BEGIN SOURCE RECORDS

lemma berge_fan_from_cored_shadow_fan:
  assumes "uniform r H" and "0 < r" and "t * (3 * r) \<le> N"
    and "shadow_copy_with_cores H (fan_V N) (fan_E N) (fan_triangles N)"
  shows "has_berge H (fan_V t) (fan_E t)"
proof -
  obtain \<phi> where \<phi>: "inj_on \<phi> (fan_V N)" "\<phi> ` fan_V N \<subseteq> \<Union>H"
    and cores: "\<forall>j\<in>{1..N}. berge_triangle_core H (\<phi> 0) (\<phi> (2*j - 1)) (\<phi> (2*j))"
    using assms(4) unfolding shadow_copy_with_cores_def fan_triangles_def by fast
  obtain h where h: "\<And>j. j \<in> {1..N} \<Longrightarrow> berge_triangle H (\<phi> 0, \<phi> (2*j - 1), \<phi> (2*j)) (h j)"
    using cores unfolding berge_triangle_core_iff by metis
  define P where "P j = \<phi> ` {2*j - 1, 2*j}" for j
  have disjoint: "disjoint_family_on P {1..N}"
    unfolding disjoint_family_on_def
  proof (intro ballI impI)
    fix j j' assume "j \<in> {1..N}" "j' \<in> {1..N}" "j \<noteq> j'"
    then have "{2*j - 1, 2*j} \<inter> {2*j' - 1, 2*j'} = {}"
      and "{2*j - 1, 2*j} \<subseteq> fan_V N" "{2*j' - 1, 2*j'} \<subseteq> fan_V N"
      unfolding fan_V_def by auto
    then show "P j \<inter> P j' = {}"
      unfolding P_def using inj_on_image_Int[OF \<phi>(1)] by (metis image_empty)
  qed
  have triangles: "inj_on (h j) {0, 1, 2} \<and> h j ` {0, 1, 2} \<subseteq> H \<and> (\<forall>i\<in>{0, 1, 2}. h j i \<inter> P j \<noteq> {})"
    if "j \<in> {1..N}" for j
    using h[OF that] unfolding berge_triangle_def P_def by auto
  have size: "t * (card {0, 1, 2::nat} * r) \<le> card {1..N}" using assms(3) by (simp add: algebra_simps)
  obtain \<sigma> where "\<sigma> ` {1..t} \<subseteq> {1..N}" "inj_on \<sigma> {1..t}"
    and "inj_on (\<lambda>(k, i). h (\<sigma> k) i) ({1..t} \<times> {0, 1, 2})"
    by (rule select_edge_disjoint_members[OF finite_atLeastAtMost _ _ assms(1,2) disjoint triangles size]) auto
  then show ?thesis using berge_fan_from_selected_triangles[OF \<phi> h] by blast
qed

END SOURCE RECORDS

## WORK TASK
Please repeat the whole listing above, keeping every line exactly as it reads.

## RESPONSE AREA
lemma berge_fan_from_cored_shadow_fan:
  assumes "uniform r H" and "0 < r" and "t * (3 * r) \<le> N"
    and "shadow_copy_with_cores H (fan_V N) (fan_E N) (fan_triangles N)"
  shows "has_berge H (fan_V t) (fan_E t)"
proof -
  obtain \<phi> where \<phi>: "inj_on \<phi> (fan_V N)" "\<phi> ` fan_V N \<subseteq> \<Union>H"
    and cores: "\<forall>j\<in>{1..N}. berge_triangle_core H (\<phi> 0) (\<phi> (2*j - 1)) (\<phi> (2*j))"
    using assms(4) unfolding shadow_copy_with_cores_def fan_triangles_def by fast
  obtain h where h: "\<And>j. j \<in> {1..N} \<Longrightarrow> berge_triangle H (\<phi> 0, \<phi> (2*j - 1), \<phi> (2*j)) (h j)"
    using cores unfolding berge_triangle_core_iff by metis
  define P where "P j = \<phi> ` {2*j - 1, 2*j}" for j
  have disjoint: "disjoint_family_on P {1..N}"
    unfolding disjoint_family_on_def
  proof (intro ballI impI)
    fix j j' assume "j \<in> {1..N}" "j' \<in> {1..N}" "j \<noteq> j'"
    then have "{2*j - 1, 2*j} \<inter> {2*j' - 1, 2*j'} = {}"
      and "{2*j - 1, 2*j} \<subseteq> fan_V N" "{2*j' - 1, 2*j'} \<subseteq> fan_V N"
      unfolding fan_V_def by auto
    then show "P j \<inter> P j' = {}"
      unfolding P_def using inj_on_image_Int[OF \<phi>(1)] by (metis image_empty)
  qed
  have triangles: "inj_on (h j) {0, 1, 2} \<and> h j ` {0, 1, 2} \<subseteq> H \<and> (\<forall>i\<in>{0, 1, 2}. h j i \<inter> P j \<noteq> {})"
    if "j \<in> {1..N}" for j
    using h[OF that] unfolding berge_triangle_def P_def by auto
  have size: "t * (card {0, 1, 2::nat} * r) \<le> card {1..N}" using assms(3) by (simp add: algebra_simps)
  obtain \<sigma> where "\<sigma> ` {1..t} \<subseteq> {1..N}" "inj_on \<sigma> {1..t}"
    and "inj_on (\<lambda>(k, i). h (\<sigma> k) i) ({1..t} \<times> {0, 1, 2})"
    by (rule select_edge_disjoint_members[OF finite_atLeastAtMost _ _ assms(1,2) disjoint triangles size]) auto
  then show ?thesis using berge_fan_from_selected_triangles[OF \<phi> h] by blast
qed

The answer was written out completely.